What carries the argument
Adaptive composition of distribution shift and algorithmic leakage, together with pointwise conditioning on observed data, to isolate privacy leakage from confounding.
If this is right
- Privacy evaluation becomes feasible for large foundation models where multiple training runs are too expensive.
- Global privacy bounds can be obtained conservatively without knowing instance-level details.
- Instance-dependent bounds allow sharper assessments for specific data points.
- Existing membership inference methods can be adapted into valid audits with these corrections.
Where Pith is reading between the lines
- Similar corrections might apply to auditing other properties such as fairness or robustness when distribution shifts are present.
- The approach could be tested on models where the true privacy parameters are known from controlled training to validate the bounds empirically.
- Extensions to cases with only approximate knowledge of membership status might be possible by treating uncertain points separately.
Load-bearing premise
The corrections fully remove bias from the distribution shift so that remaining signal reflects only algorithmic leakage.
What would settle it
Observing that the corrected audit still reports strong privacy on a model known to have leaked training data through overfitting would falsify the validity of the bounds.
Figures
read the original abstract
Privacy auditing provides empirical lower bounds on the differential privacy parameters of learning algorithms.
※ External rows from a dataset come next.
lemma almost_divisible_imp_divisible_range_mulN:
  assumes "almost_divisible TYPE('a::ab_group_add)"
  obtains m where "m \<ge> 1" "divisible (range (mulN m :: 'a \<Rightarrow> 'a))"
proof -
  define P where "P = {p. prime p \<and> \<not> p_divisible p (UNIV :: 'a set)}"
  have "finite P" using assms unfolding almost_divisible_def P_def by blast
  have "\<exists>e. p_divisible p (ppow p e :: 'a set)" if "prime p" for p
    using assms that unfolding almost_divisible_def by blast
  then obtain e where e: "\<And>p. prime p \<Longrightarrow> p_divisible p (ppow p (e p) :: 'a set)" by metis
  define m where "m = (\<Prod>p\<in>P. p ^ e p)"
  have "m > 0" unfolding m_def P_def by (rule prod_pos) (simp add: prime_gt_0_nat)
  then have "m \<ge> 1" by simp
  moreover have "range (mulN m :: 'a \<Rightarrow> 'a) \<subseteq> range (mulN (p * m))" if p: "prime p" for p
  proof (cases "p \<in> P")
    case False
    then have p_div: "\<forall>x::'a. \<exists>y. mulN p y = x" using p unfolding P_def p_divisible_def by auto
    show ?thesis
    proof
      fix x :: 'a assume "x \<in> range (mulN m)"
      then obtain g where g: "x = mulN m g" by blast
      obtain h where "mulN p h = g" using p_div by blast
      then have "x = mulN (p * m) h" using g by (simp add: mulN_mult mulN_commute)
      then show "x \<in> range (mulN (p * m))" by blast
    qed
  next
    case True
    have "range (mulN (p ^ e p) :: 'a \<Rightarrow> 'a) \<subseteq> range (mulN (p ^ Suc (e p)))"
    proof
      fix x :: 'a assume "x \<in> range (mulN (p ^ e p))"
      then obtain y where "y \<in> range (mulN (p ^ e p))" "mulN p y = x"
        using e[OF p] unfolding p_divisible_def ppow_eq_range_mulN by blast
      then obtain h where "x = mulN (p ^ Suc (e p)) h" by (auto simp: mulN_mult)
      then show "x \<in> range (mulN (p ^ Suc (e p)))" by blast
    qed
    then have "range (mulN (k * p ^ e p) :: 'a \<Rightarrow> 'a) \<subseteq> range (mulN (k * p ^ Suc (e p)))"
      for k by (rule range_mulN_mult_mono)
    moreover have "p ^ e p dvd m" unfolding m_def using \<open>finite P\<close> True by (rule dvd_prodI)
    then obtain k where "m = k * p ^ e p" by (metis dvdE mult.commute)
    ultimately show ?thesis by (simp add: ac_simps)
  qed
  ultimately show ?thesis using divisible_range_mulN that by blast
qed
(* Let $d\ge 1$, $\sigma_1>0$ and $q_1,\dots,q_d>0$, and put $q=\min_j q_j$. Let $\mu\in\mathbb{R}^d$ satisfy $|\mu(j)|\le q_j$ for every $j\in[d]$, let $e\sim\mathcal{N}(\mathbf{0},\sigma_1^2 I_d)$, and define the censored perturbed context $x\in\mathbb{R}^d$ coordinatewise by $$x(j)=\begin{cases}\mu(j)+e(j), & \text{if } |\mu(j)+e(j)|\le q_j,\\ q_j, & \text{if } \mu(j)+e(j)>q_j,\\ -q_j, & \text{if } \mu(j)+e(j)<-q_j.\end{cases}$$ Then $x$ has the perturbed diversity property with $\lambda_0=g\!\left(\tfrac{2q}{\sigma_1},0\right)\sigma_1^2$, i.e. $$\lambda_{\min}\!\left(\mathbb{E}_{e}\left[x x^{\top}\right]\right)\ \ge\ g\!\left(\tfrac{2q}{\sigma_1},0\right)\sigma_1^2 .$$
   Context: $\lambda_{\min}(\cdot)$ denotes the smallest eigenvalue of a symmetric matrix. For real numbers $\alpha\le\beta$, $g(\beta,\alpha)$ denotes the variance of a standard normal variable censored to $[\alpha,\beta]$, i.e. $g(\beta,\alpha)=\mathrm{Var}\big(\max(\alpha,\min(\beta,Z))\big)$ with $Z\sim\mathcal{N}(0,1)$; equivalently, for $e\sim\mathcal{N}(0,\sigma_1^2)$, the variance of $e$ censored (clipped) to $[\alpha\sigma_1,\beta\sigma_1]$ equals $g(\beta,\alpha)\sigma_1^2$. (The paper expresses $g$ through an explicit formula in the standard normal density $\phi$ and distribution function $\Phi$.) *)

theory Defs
  imports "HOL-Probability.Probability"
begin

definition lambda_min :: "real^'n^'n \<Rightarrow> real" where
  "lambda_min A = Min {c. \<exists>v. v \<noteq> 0 \<and> A *v v = c *\<^sub>R v}"

definition std_normal :: "real measure" where
  "std_normal = density lborel std_normal_density"

definition g :: "real \<Rightarrow> real \<Rightarrow> real" where
  "g beta alpha =
     (let c = (\<lambda>z. max alpha (min beta z)) in
      LINT z|std_normal. (c z - (LINT w|std_normal. c w))\<^sup>2)"

(* law of e ~ N(0, sigma1^2 I_d), coordinates indexed by the finite type 'n *)
definition gauss_vec :: "real \<Rightarrow> ('n::finite \<Rightarrow> real) measure" where
  "gauss_vec s = PiM UNIV (\<lambda>_. density lborel (normal_density 0 s))"

definition ctx :: "('n \<Rightarrow> real) \<Rightarrow> ('n \<Rightarrow> real) \<Rightarrow> ('n \<Rightarrow> real) \<Rightarrow> 'n \<Rightarrow> real" where
  "ctx q \<mu> e j = (if \<bar>\<mu> j + e j\<bar> \<le> q j then \<mu> j + e j
                  else if \<mu> j + e j > q j then q j else - q j)"

end

theory Submission
  imports Defs "HOL-Real_Asymp.Real_Asymp"
begin

(* Independence of the coordinates of e gives E[x x^T] = m m^T + diag (Var x(j)), whose smallest
   eigenvalue is at least min_j Var x(j).  In standardized form x(j) = mu(j) + sigma1 * max a (min b Z)
   with a <= 0 <= b and b - a = 2 q_j / sigma1 >= beta = 2 q / sigma1.  Censoring is 1-Lipschitz, so
   passing to a subwindow [c, c + beta] with -beta <= c <= 0 can only decrease the variance.  Among
   these windows the variance is smallest at the ends c = 0 and c = -beta: the variance is symmetric
   under c |-> -beta - c and, by its closed form in phi and Phi, decreasing on [-beta/2, 0].  The sign
   of the derivative comes down to the monotonicity of (H (x + l) - H x) / Phi x for the antiderivative
   H of Phi, which in turn rests on the Mills ratio bound Phi x <= phi x / |x| for x < 0. *)

section \<open>Smallest eigenvalue of a symmetric matrix\<close>

lemma symmetric_matrix_inner_commute:
  fixes A :: "real^'n^'n"
  assumes "transpose A = A"
  shows "(A *v x) \<bullet> y = x \<bullet> (A *v y)"
  by (metis assms dot_lmul_matrix vector_transpose_matrix)

lemma symmetric_eigenvectors_orthogonal:
  fixes A :: "real^'n^'n"
  assumes "transpose A = A" "A *v v = c *\<^sub>R v" "A *v w = d *\<^sub>R w" "c \<noteq> d"
  shows "v \<bullet> w = 0"
proof -
  have "c * (v \<bullet> w) = (A *v v) \<bullet> w" using assms by simp
  also have "\<dots> = v \<bullet> (A *v w)" by (rule symmetric_matrix_inner_commute[OF assms(1)])
  also have "\<dots> = d * (v \<bullet> w)" using assms by simp
  finally show ?thesis using assms(4) by simp
qed

lemma finite_eigenvalues_symmetric:
  fixes A :: "real^'n^'n"
  assumes "transpose A = A"
  shows "finite {c. \<exists>v. v \<noteq> 0 \<and> A *v v = c *\<^sub>R v}"
proof -
  define S where "S = {c. \<exists>v. v \<noteq> 0 \<and> A *v v = c *\<^sub>R v}"
  define ev where "ev c = (SOME v. v \<noteq> 0 \<and> A *v v = c *\<^sub>R v)" for c
  have ev: "ev c \<noteq> 0 \<and> A *v ev c = c *\<^sub>R ev c" if "c \<in> S" for c
    using that unfolding S_def ev_def by (metis (mono_tags, lifting) mem_Collect_eq someI_ex)
  have "inj_on ev S"
  proof (rule inj_onI)
    fix c d assume "c \<in> S" "d \<in> S" "ev c = ev d"
    then have "c *\<^sub>R ev c = d *\<^sub>R ev c" using ev by metis
    then show "c = d" using ev \<open>c \<in> S\<close> by (simp add: scaleR_cancel_right)
  qed
  moreover have "independent (ev ` S)"
  proof (rule pairwise_orthogonal_independent)
    show "pairwise orthogonal (ev ` S)"
      unfolding pairwise_def orthogonal_def
      by (smt (verit) assms symmetric_eigenvectors_orthogonal ev image_iff)
    show "0 \<notin> ev ` S" using ev by auto
  qed
  ultimately show ?thesis
    using independent_bound finite_imageD S_def by blast
qed

lemma psd_symmetric_quadratic_form_zero:
  fixes B :: "real^'n^'n"
  assumes sym: "transpose B = B" and psd: "\<And>x. 0 \<le> x \<bullet> (B *v x)"
    and zero: "v \<bullet> (B *v v) = 0"
  shows "B *v v = 0"
proof -
  define w where "w = B *v v"
  define K where "K = w \<bullet> (B *v w) + 1"
  have "K > 0" using psd[of w] K_def by simp
  \<comment> \<open>Expanding the form at v + t w with t = - |w|^2 / K gives - |w|^4 (1/K + 1/K^2) \<ge> 0.\<close>
  define t where "t = - (w \<bullet> w) / K"
  have "(v + t *\<^sub>R w) \<bullet> (B *v (v + t *\<^sub>R w)) = 2 * t * (w \<bullet> w) + t\<^sup>2 * (K - 1)"
    using symmetric_matrix_inner_commute[OF sym, of w v] zero
    by (simp add: w_def K_def matrix_vector_right_distrib matrix_vector_mult_scaleR
        inner_add_left inner_add_right inner_commute algebra_simps power2_eq_square)
  also have "\<dots> = - ((w \<bullet> w)\<^sup>2 / K) - (w \<bullet> w)\<^sup>2 / K\<^sup>2"
    using \<open>K > 0\<close> by (simp add: t_def power2_eq_square field_simps)
  finally have "(w \<bullet> w)\<^sup>2 / K + (w \<bullet> w)\<^sup>2 / K\<^sup>2 \<le> 0"
    using psd[of "v + t *\<^sub>R w"] by linarith
  moreover have "(w \<bullet> w)\<^sup>2 / K \<ge> 0" "(w \<bullet> w)\<^sup>2 / K\<^sup>2 \<ge> 0" using \<open>K > 0\<close> by auto
  ultimately have "(w \<bullet> w)\<^sup>2 / K = 0" by linarith
  then show ?thesis using \<open>K > 0\<close> by (simp add: w_def)
qed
Existing methods, however, require interventional access to the training pipeline, either to retrain multiple times or to randomize data inclusion. This is often infeasible for large deployed systems such as foundation models. We introduce Zero-Run privacy auditing, a post-hoc framework for auditing models using two fixed datasets: examples known to be training-set members and examples known to be non-members. In this observational regime, membership is no longer randomized; instead, member and non-member data often differ in distribution, so membership inference scores may reflect a distribution shift rather than algorithmic leakage. Drawing on ideas from causal inference, we formalize this confounding effect and propose two complementary corrections that yield valid privacy audits. Our first approach models the combined effect of distribution shift and algorithmic leakage as an adaptive composition, producing conservative global corrections. Our second approach conditions on observed data and adjusts pointwise membership guesses, yielding sharper instance-dependent bounds. Experiments on synthetic data and large-scale models show that Zero-Run auditing enables practical privacy evaluation when retraining or controlled data insertion is infeasible.
Editorial analysis
A structured set of objections, weighed in public.
Referee Report
Summary. The paper claims to introduce Zero-Run privacy auditing, a post-hoc framework for auditing models using two fixed datasets of known training-set members and non-members. It formalizes the confounding effect due to distribution shift in this observational regime and proposes two complementary corrections—an adaptive composition for global bounds and pointwise conditioning for instance-dependent bounds—that are claimed to yield valid privacy audits without requiring retraining or randomized data insertion.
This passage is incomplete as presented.